Output exactly those lines of the data that lie between the line containing "using \<open>1 \<le>" and the final line, both ends counted.

DATA PROVIDED ▸
- - - -

lemma absolutely_monotonic_onI:
  assumes "open S" "I \<subseteq> S" "higher_derivs_on S D" "\<forall>x\<in>S. f x = D 0 x"
    and "\<And>n x. x \<in> I \<Longrightarrow> 0 \<le> D n x"
  shows "absolutely_monotonic_on I f"
  using higher_derivs_on_deriv_funpow[OF assms(1,3,4)] higher_derivs_on_deriv_funpow_eq[OF assms(1,3,4)]
    assms(2,5)
  unfolding absolutely_monotonic_on_def higher_derivs_on_def by (auto simp: subset_eq)

lemma higher_derivs_on_reflection_symmetric:
  assumes "open S" "higher_derivs_on S D" "\<forall>x\<in>S. c - x \<in> S" "\<forall>x\<in>S. D 0 (c - x) = D 0 x"
    and "x \<in> S"
  shows "D n (c - x) = (-1) ^ n * D n x"
proof -
  have "higher_derivs_on S (\<lambda>n x. (-1) ^ n * D n (c - x))"
    using higher_derivs_on_subset[OF higher_derivs_on_reflect[OF assms(2)]] assms(3) by blast
  then have "(deriv ^^ n) (D 0) x = (-1) ^ n * D n (c - x)"
    using higher_derivs_on_deriv_funpow_eq[OF assms(1) _ _ assms(5)] assms(4) by simp
  moreover have "(deriv ^^ n) (D 0) x = D n x"
    using higher_derivs_on_deriv_funpow_eq[OF assms(1,2) _ assms(5)] by simp
  ultimately show ?thesis
    by (simp add: mult.assoc[symmetric] flip: power_mult_distrib)
qed

lemma higher_derivs_on_strict_antimono:
  assumes "higher_derivs_on S D" "{x..y} \<subseteq> S" "x < y" "\<forall>t\<in>{x<..<y}. D 1 t < 0"
  shows "D 0 y < D 0 x"
proof (rule DERIV_neg_imp_decreasing_open[OF \<open>x < y\<close>])
  fix t assume "x < t" "t < y"
  then show "\<exists>d. (D 0 has_real_derivative d) (at t) \<and> d < 0"
    using higher_derivs_onD[OF assms(1), of t 0] assms(2,4) by (auto simp: subset_eq)
next
  show "continuous_on {x..y} (D 0)"
    using higher_derivs_onD[OF assms(1)] assms(2)
    by (intro DERIV_atLeastAtMost_imp_continuous_on) (meson atLeastAtMost_iff subsetD)
qed

section \<open>The Leibniz rule\<close>

definition leibniz_sum :: "(nat \<Rightarrow> real) \<Rightarrow> (nat \<Rightarrow> real) \<Rightarrow> nat \<Rightarrow> real" where
  "leibniz_sum a b n = (\<Sum>i=0..n. real (n choose i) * a i * b (n - i))"

lemma leibniz_sum_Suc:
  "leibniz_sum a b (Suc n) =
     (\<Sum>i=0..n. real (n choose i) * (a (Suc i) * b (n - i) + a i * b (Suc (n - i))))"
proof -
  have "leibniz_sum a b (Suc n) =
        a 0 * b (Suc n) + (\<Sum>i=0..n. real (Suc n choose Suc i) * a (Suc i) * b (n - i))"
    unfolding leibniz_sum_def by (subst sum.atLeast0_atMost_Suc_shift) simp
  also have "\<dots> = (\<Sum>i=0..n. real (n choose i) * a (Suc i) * b (n - i)) +
        (a 0 * b (Suc n) + (\<Sum>i=0..n. real (n choose Suc i) * a (Suc i) * b (n - i)))"
    by (simp add: sum.distrib algebra_simps)
  also have "a 0 * b (Suc n) + (\<Sum>i=0..n. real (n choose Suc i) * a (Suc i) * b (n - i)) =
        (\<Sum>i=0..Suc n. real (n choose i) * a i * b (Suc n - i))"
    by (subst sum.atLeast0_atMost_Suc_shift) simp
  also have "\<dots> = (\<Sum>i=0..n. real (n choose i) * a i * b (Suc (n - i)))"
    by (simp add: Suc_diff_le)
  finally show ?thesis
    by (simp add: sum.distrib algebra_simps)
qed

lemma leibniz_sum_has_real_derivative:
  assumes "\<And>i. i \<le> n \<Longrightarrow> (A i has_real_derivative A (Suc i) x) (at x)"
    and "\<And>i. i \<le> n \<Longrightarrow> (B i has_real_derivative B (Suc i) x) (at x)"
  shows "((\<lambda>y. leibniz_sum (\<lambda>i. A i y) (\<lambda>i. B i y) n) has_real_derivative
           leibniz_sum (\<lambda>i. A i x) (\<lambda>i. B i x) (Suc n)) (at x)"
  unfolding leibniz_sum_Suc unfolding leibniz_sum_def
proof (rule DERIV_sum)
  fix i assume "i \<in> {0..n}"
  then have "i \<le> n" by simp
  have "((\<lambda>y. A i y * B (n - i) y) has_real_derivative
          A (Suc i) x * B (n - i) x + A i x * B (Suc (n - i)) x) (at x)"
    by (rule DERIV_cong[OF DERIV_mult[OF assms]]) (use \<open>i \<le> n\<close> in auto)
  from DERIV_cmult[OF this, of "real (n choose i)"]
  show "((\<lambda>y. real (n choose i) * A i y * B (n - i) y) has_real_derivative
          real (n choose i) * (A (Suc i) x * B (n - i) x + A i x * B (Suc (n - i)) x)) (at x)"
    by (simp add: mult.assoc)
qed

lemma higher_derivs_on_mult:
  "higher_derivs_on S A \<Longrightarrow> higher_derivs_on S B \<Longrightarrow>
     higher_derivs_on S (\<lambda>n x. leibniz_sum (\<lambda>i. A i x) (\<lambda>i. B i x) n)"
  unfolding higher_derivs_on_def by (blast intro: leibniz_sum_has_real_derivative)

lemma leibniz_sum_alternating:
  "(-1) ^ n * leibniz_sum a b n = leibniz_sum (\<lambda>i. (-1) ^ i * a i) (\<lambda>i. (-1) ^ i * b i) n"
  unfolding leibniz_sum_def sum_distrib_left
proof (rule sum.cong[OF refl])
  fix i assume "i \<in> {0..n}"
  then have "(-1::real) ^ n = (-1) ^ i * (-1) ^ (n - i)"
    by (simp add: power_add[symmetric])
  then show "(-1) ^ n * (real (n choose i) * a i * b (n - i)) =
             real (n choose i) * ((-1) ^ i * a i) * ((-1) ^ (n - i) * b (n - i))"
    by simp
qed

lemma leibniz_sum_nonneg:
  "(\<And>i. i \<le> n \<Longrightarrow> 0 \<le> a i) \<Longrightarrow> (\<And>i. i \<le> n \<Longrightarrow> 0 \<le> b i) \<Longrightarrow> 0 \<le> leibniz_sum a b n"
  unfolding leibniz_sum_def by (intro sum_nonneg mult_nonneg_nonneg) auto

lemma leibniz_sum_ge_first:
  assumes "\<And>i. 0 \<le> a i" "\<And>i. 0 \<le> b i"
  shows "a 0 * b n \<le> leibniz_sum a b n"
  unfolding leibniz_sum_def
  using member_le_sum[of 0 "{0..n}" "\<lambda>i. real (n choose i) * a i * b (n - i)"] assms by simp

text \<open>The derivatives of a function \<open>f\<close> with \<open>f' = f * U 0\<close>, computed by the Leibniz rule.\<close>

fun derivs_of_log_deriv :: "(real \<Rightarrow> real) \<Rightarrow> (nat \<Rightarrow> real \<Rightarrow> real) \<Rightarrow> nat \<Rightarrow> real \<Rightarrow> real" where
  "derivs_of_log_deriv f U 0 x = f x"
| "derivs_of_log_deriv f U (Suc n) x =
     (\<Sum>i=0..n. real (n choose i) * derivs_of_log_deriv f U i x * U (n - i) x)"

lemma derivs_of_log_deriv_Suc:
  "derivs_of_log_deriv f U (Suc n) x = leibniz_sum (\<lambda>i. derivs_of_log_deriv f U i x) (\<lambda>i. U i x) n"
  by (simp add: leibniz_sum_def)

declare derivs_of_log_deriv.simps(2) [simp del]
(* Let $\beta=0$, $R\ge0$, and let $D>0$ be odd. Let $\alpha_\infty^D$ be the maximum value of $\alpha_0$ over all numerical walls for the Chern character $(-R,0,D,0)$ on $\mathbb{P}^3$. Then $D-1<\alpha_\infty^D\le D$.
   Context: On $\mathbb{P}^3$ with hyperplane class $H$, Chern characters are the vectors of coefficients of $1,H,H^2,H^3$. For $v=(-R,0,D,0)$ and the Bayer–Macrì–Toda stability conditions $\sigma_{0,\alpha,s}$ ($\alpha,s>0$; central charge $Z=-(\operatorname{ch}_3-(s+\frac16)\alpha^2\operatorname{ch}_1)+\sqrt{-1}(\operatorname{ch}_2-\frac{\alpha^2}{2}\operatorname{ch}_0)$), a numerical wall is a curve $(s+\frac16)\alpha^2=\alpha_0^2/6$ with $\alpha_0^2=6e/c$, where $(r,c,d,e)=\operatorname{ch}(A)$ for some $A\in D^b(\mathbb{P}^3)$ with $c>0$ satisfying $0<d<D$, $0<c(6e)\le\min\{4d^2,4(D-d)^2\}$, and $-\frac{c(2D-2d)}{6e}-R\le r\le\frac{2cd}{6e}$. *)

theory Defs
  imports Complex_Main
begin

text \<open>Chern characters (coefficients of 1, H, H^2, H^3) of objects of D^b(P^3).
  K_0(P^3) is freely generated by O, O(1), O(2), O(3), and ch(O(k)) = (1, k, k^2/2, k^3/6),
  so the Chern characters of objects of D^b(P^3) are exactly the integer combinations below.\<close>
definition is_ch_P3 :: "real \<Rightarrow> real \<Rightarrow> real \<Rightarrow> real \<Rightarrow> bool" where
  "is_ch_P3 r c d e \<longleftrightarrow> (\<exists>n0 n1 n2 n3 :: int.
      r = of_int n0 + of_int n1 + of_int n2 + of_int n3 \<and>
      c = of_int n1 + 2 * of_int n2 + 3 * of_int n3 \<and>
      d = (of_int n1 + 4 * of_int n2 + 9 * of_int n3) / 2 \<and>
      e = (of_int n1 + 8 * of_int n2 + 27 * of_int n3) / 6)"

definition numerical_wall_ch :: "real \<Rightarrow> real \<Rightarrow> real \<Rightarrow> real \<Rightarrow> real \<Rightarrow> real \<Rightarrow> bool" where
  "numerical_wall_ch R D r c d e \<longleftrightarrow>
     is_ch_P3 r c d e \<and> c > 0 \<and> 0 < d \<and> d < D \<and>
     0 < c * (6 * e) \<and> c * (6 * e) \<le> min (4 * d^2) (4 * (D - d)^2) \<and>
     - (c * (2 * D - 2 * d)) / (6 * e) - R \<le> r \<and> r \<le> (2 * c * d) / (6 * e)"

definition wall_alphas :: "real \<Rightarrow> real \<Rightarrow> real set" where
  "wall_alphas R D = {sqrt (6 * e / c) | r c d e. numerical_wall_ch R D r c d e}"

end

theory Submission
  imports Defs
begin

text \<open>Writing \<open>ch(A) = (r, C, d, E/6)\<close>, integrality in \<open>K\<^sub>0(\<P>\<^sup>3)\<close> forces \<open>C, E \<in> \<int>\<close> with
  \<open>E \<equiv> C (mod 6)\<close>, and the wall conditions give \<open>1 \<le> C\<close>, \<open>1 \<le> E\<close> and, since
  \<open>min (4d\<^sup>2, 4(D - d)\<^sup>2) \<le> D\<^sup>2\<close>, also \<open>C E \<le> D\<^sup>2\<close>; here \<open>\<alpha>\<^sub>0\<^sup>2 = E/C\<close>.
  For \<open>C = 1\<close> the best choice is the largest \<open>E \<equiv> 1 (mod 6)\<close> below \<open>D\<^sup>2\<close>,
  which is realised by \<open>ch(A) = (0, 1, D/2, E/6)\<close>; for odd \<open>D\<close> we have \<open>D\<^sup>2 \<equiv> 1, 3 (mod 6)\<close>,
  so this \<open>E\<close> is at least \<open>D\<^sup>2 - 2 > (D - 1)\<^sup>2\<close>. For \<open>C \<ge> 2\<close> one only gets
  \<open>E/C \<le> E \<le> D\<^sup>2/2\<close>, which is at most \<open>D\<^sup>2 - 2\<close> since such walls force \<open>|D| \<ge> 2\<close>.\<close>

lemma is_ch_P3_integral:
  assumes "is_ch_P3 r c d e"
  obtains C E :: int where "c = of_int C" "6 * e = of_int E" "E mod 6 = C mod 6"
proof -
  from assms obtain n1 n2 n3 :: int where
    "c = of_int n1 + 2 * of_int n2 + 3 * of_int n3"
    "e = (of_int n1 + 8 * of_int n2 + 27 * of_int n3) / 6"
    unfolding is_ch_P3_def by blast
  moreover have "(n1 + 8 * n2 + 27 * n3) mod 6 = (n1 + 2 * n2 + 3 * n3) mod 6"
  proof -
    have "n1 + 8 * n2 + 27 * n3 = (n1 + 2 * n2 + 3 * n3) + 6 * (n2 + 4 * n3)" by simp
    then show ?thesis by (simp only: mod_mult_self2)
  qed
  ultimately show thesis
    by (intro that[of "n1 + 2 * n2 + 3 * n3" "n1 + 8 * n2 + 27 * n3"]) simp_all
qed

lemma is_ch_P3_degree_one:
  fixes r k E :: int
  assumes "odd k" and "E mod 6 = 1"
  shows "is_ch_P3 (of_int r) 1 (of_int k / 2) (of_int E / 6)"
proof -
  obtain m where m: "k = 2 * m + 1" using assms(1) by (metis oddE)
  obtain q where q: "E = 6 * q + 1" using div_mult_mod_eq[of E 6] assms(2) by (metis mult.commute)
  define n3 where "n3 = q - m"
  define n2 where "n2 = m - 3 * n3"
  define n1 where "n1 = 1 - 2 * n2 - 3 * n3"
  define n0 where "n0 = r - (n1 + n2 + n3)"
  have "real_of_int r = of_int n0 + of_int n1 + of_int n2 + of_int n3"
    "1 = real_of_int n1 + 2 * of_int n2 + 3 * of_int n3"
    "real_of_int k = of_int n1 + 4 * of_int n2 + 9 * of_int n3"
    "real_of_int E = of_int n1 + 8 * of_int n2 + 27 * of_int n3"
    by (simp_all add: n0_def n1_def n2_def n3_def m q)
  then show ?thesis
    unfolding is_ch_P3_def by (intro exI[of _ n0] exI[of _ n1] exI[of _ n2] exI[of _ n3]) simp
qed

lemma min_four_sq_le_sq:
  fixes d D :: real
  assumes "0 \<le> d" and "d \<le> D"
  shows "min (4 * d\<^sup>2) (4 * (D - d)\<^sup>2) \<le> D\<^sup>2"
proof (cases "2 * d \<le> D")
  case True
  then have "(2 * d)\<^sup>2 \<le> D\<^sup>2" using assms by (intro power_mono) auto
  then show ?thesis by (simp add: power_mult_distrib)
next
  case False
  then have "(2 * (D - d))\<^sup>2 \<le> D\<^sup>2" using assms by (intro power_mono) auto
  then show ?thesis by (simp only: power_mult_distrib min_le_iff_disj) simp
qed

lemma numerical_wall_ch_integral:
  assumes "numerical_wall_ch R D r c d e"
  obtains C E :: int where "c = of_int C" "6 * e = of_int E" "E mod 6 = C mod 6"
    "1 \<le> C" "1 \<le> E" "of_int (C * E) \<le> D\<^sup>2"
proof -
  from assms have ch: "is_ch_P3 r c d e" and "c > 0" "0 < d" "d < D" "0 < c * (6 * e)"
    and bound: "c * (6 * e) \<le> min (4 * d\<^sup>2) (4 * (D - d)\<^sup>2)"
    unfolding numerical_wall_ch_def by auto
  obtain C E where CE: "c = of_int C" "6 * e = of_int E" "E mod 6 = C mod 6"
    using is_ch_P3_integral[OF ch] .
  have "1 \<le> C" using \<open>c > 0\<close> CE(1) by simp
  moreover have "0 < C * E" using \<open>0 < c * (6 * e)\<close> CE(1,2) by (simp flip: of_int_mult)
  ultimately have "1 \<le> E" by (simp add: zero_less_mult_iff)
  moreover have "c * (6 * e) \<le> D\<^sup>2"
    using bound min_four_sq_le_sq[of d D] \<open>0 < d\<close> \<open>d < D\<close> by linarith
  then have "of_int (C * E) \<le> D\<^sup>2" using CE(1,2) by simp
  ultimately show thesis using that CE \<open>1 \<le> C\<close> by blast
qed

definition greatest_1mod6_le :: "int \<Rightarrow> int" where
  "greatest_1mod6_le N = 6 * ((N - 1) div 6) + 1"

lemma greatest_1mod6_le_le: "greatest_1mod6_le N \<le> N"
  unfolding greatest_1mod6_le_def by presburger

lemma greatest_1mod6_le_mod: "greatest_1mod6_le N mod 6 = 1"
  unfolding greatest_1mod6_le_def by presburger

lemma greatest_1mod6_le_greatest: "E \<le> N \<Longrightarrow> E mod 6 = 1 \<Longrightarrow> E \<le> greatest_1mod6_le N"
  unfolding greatest_1mod6_le_def by presburger

lemma greatest_1mod6_le_odd_sq:
  fixes D :: int
  assumes "odd D"
  shows "D\<^sup>2 - 2 \<le> greatest_1mod6_le (D\<^sup>2)"
proof -
  have "D mod 6 = 1 \<or> D mod 6 = 3 \<or> D mod 6 = 5" using assms by presburger
  moreover have "D\<^sup>2 mod 6 = (D mod 6)\<^sup>2 mod 6" by (simp add: power_mod)
  ultimately have "D\<^sup>2 mod 6 = 1 \<or> D\<^sup>2 mod 6 = 3" by auto
  then show ?thesis unfolding greatest_1mod6_le_def by presburger
qed

lemma numerical_wall_ch_degree_one:
  fixes R D E :: int
  assumes "0 \<le> R" and "odd D" and "0 < D" and "1 \<le> E" and "E \<le> D\<^sup>2" and "E mod 6 = 1"
  shows "numerical_wall_ch R D 0 1 (D / 2) (E / 6)"
proof -
  have "is_ch_P3 (of_int 0) 1 (D / 2) (E / 6)"
    using is_ch_P3_degree_one[OF assms(2,6)] .
  moreover have "4 * (D / 2)\<^sup>2 = D\<^sup>2" "4 * (D - D / 2)\<^sup>2 = D\<^sup>2"
    by (simp_all add: power2_eq_square field_simps)
  moreover have "real_of_int E \<le> D\<^sup>2" using assms(5) by (simp flip: of_int_power)
  moreover have "0 \<le> real_of_int D / E" using assms(3,4) by simp
  moreover have "- real_of_int D \<le> real_of_int E * real_of_int R"
  proof -
    have "0 \<le> real_of_int E * real_of_int R" using assms(1,4) by simp
    then show ?thesis using assms(3) by linarith
  qed
  ultimately show ?thesis
    unfolding numerical_wall_ch_def using assms(3,4) by (simp add: field_simps)
qed

lemma numerical_wall_ch_ratio_le:
  fixes D :: int
  assumes "odd D" and wall: "numerical_wall_ch R D r c d e"
  shows "6 * e / c \<le> greatest_1mod6_le (D\<^sup>2)"
proof -
  obtain C E where CE: "c = of_int C" "6 * e = of_int E" "E mod 6 = C mod 6"
    "1 \<le> C" "1 \<le> E" and "real_of_int (C * E) \<le> of_int (D\<^sup>2)"
    using numerical_wall_ch_integral[OF wall] by (metis of_int_power)
  then have CE_le: "C * E \<le> D\<^sup>2" by linarith
  consider "C = 1" | "2 \<le> C" using CE(4) by linarith
  then have "E \<le> greatest_1mod6_le (D\<^sup>2)"
  proof cases
    case 1
    then show ?thesis using CE(3) CE_le by (intro greatest_1mod6_le_greatest) simp_all
  next
    case 2
    then have "2 * E \<le> C * E" using CE(5) by (intro mult_right_mono) simp_all
    then have "2 * E \<le> D\<^sup>2" using CE_le by linarith
    then have "\<not> D\<^sup>2 \<le> 1" using CE(5) by linarith
    then have "2 \<le> \<bar>D\<bar>" by (simp add: abs_square_le_1)
    then have "4 \<le> D\<^sup>2" using abs_le_square_iff[of 2 D] by simp
    then show ?thesis using \<open>2 * E \<le> D\<^sup>2\<close> greatest_1mod6_le_odd_sq[OF assms(1)] by linarith
  qed
  moreover have "6 * e / c \<le> 6 * e" using CE(1,2,4,5) by (simp add: divide_le_eq)
  ultimately show ?thesis using CE(2) by simp
qed

theorem lemma4p2:
  fixes R D :: int
  assumes "R \<ge> 0" and "D > 0" and "odd D"
  shows "\<exists>a \<in> wall_alphas (real_of_int R) (real_of_int D).
           (\<forall>b \<in> wall_alphas (real_of_int R) (real_of_int D). b \<le> a) \<and>
           real_of_int D - 1 < a \<and> a \<le> real_of_int D"
proof -
  define M where "M = greatest_1mod6_le (D\<^sup>2)"
  have "M \<le> D\<^sup>2" and "D\<^sup>2 - 2 \<le> M"
    using greatest_1mod6_le_le greatest_1mod6_le_odd_sq[OF assms(3)] by (simp_all add: M_def)
  have "1 \<le> M"
    using assms(2) by (simp add: M_def greatest_1mod6_le_greatest one_le_power)
  have "(D - 1)\<^sup>2 < M"
    using \<open>1 \<le> M\<close> \<open>D\<^sup>2 - 2 \<le> M\<close> assms(2)
    by (cases "D = 1") (auto simp: power2_eq_square algebra_simps)
  have "numerical_wall_ch R D 0 1 (D / 2) (M / 6)"
    using numerical_wall_ch_degree_one greatest_1mod6_le_mod assms \<open>1 \<le> M\<close> \<open>M \<le> D\<^sup>2\<close>
    by (simp add: M_def)
  then have "sqrt M \<in> wall_alphas R D"
    unfolding wall_alphas_def by force
  moreover have "b \<le> sqrt M" if "b \<in> wall_alphas R D" for b
    using that numerical_wall_ch_ratio_le[OF assms(3)]
    unfolding wall_alphas_def M_def by auto
  moreover have "real_of_int D - 1 < sqrt M"
    using \<open>(D - 1)\<^sup>2 < M\<close>
    by (intro real_less_rsqrt) (metis of_int_1 of_int_diff of_int_less_iff of_int_power)
  moreover have "sqrt M \<le> real_of_int D"
    using \<open>M \<le> D\<^sup>2\<close> assms(2) by (intro real_le_lsqrt) (simp_all flip: of_int_power)
  ultimately show ?thesis by blast
qed

end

- - - -

ANSWER SPACE ▸
    using \<open>1 \<le> M\<close> \<open>D\<^sup>2 - 2 \<le> M\<close> assms(2)
    by (cases "D = 1") (auto simp: power2_eq_square algebra_simps)
  have "numerical_wall_ch R D 0 1 (D / 2) (M / 6)"
    using numerical_wall_ch_degree_one greatest_1mod6_le_mod assms \<open>1 \<le> M\<close> \<open>M \<le> D\<^sup>2\<close>
    by (simp add: M_def)
  then have "sqrt M \<in> wall_alphas R D"
    unfolding wall_alphas_def by force
  moreover have "b \<le> sqrt M" if "b \<in> wall_alphas R D" for b
    using that numerical_wall_ch_ratio_le[OF assms(3)]
    unfolding wall_alphas_def M_def by auto
  moreover have "real_of_int D - 1 < sqrt M"
    using \<open>(D - 1)\<^sup>2 < M\<close>
    by (intro real_less_rsqrt) (metis of_int_1 of_int_diff of_int_less_iff of_int_power)
  moreover have "sqrt M \<le> real_of_int D"
    using \<open>M \<le> D\<^sup>2\<close> assms(2) by (intro real_le_lsqrt) (simp_all flip: of_int_power)
  ultimately show ?thesis by blast
qed

end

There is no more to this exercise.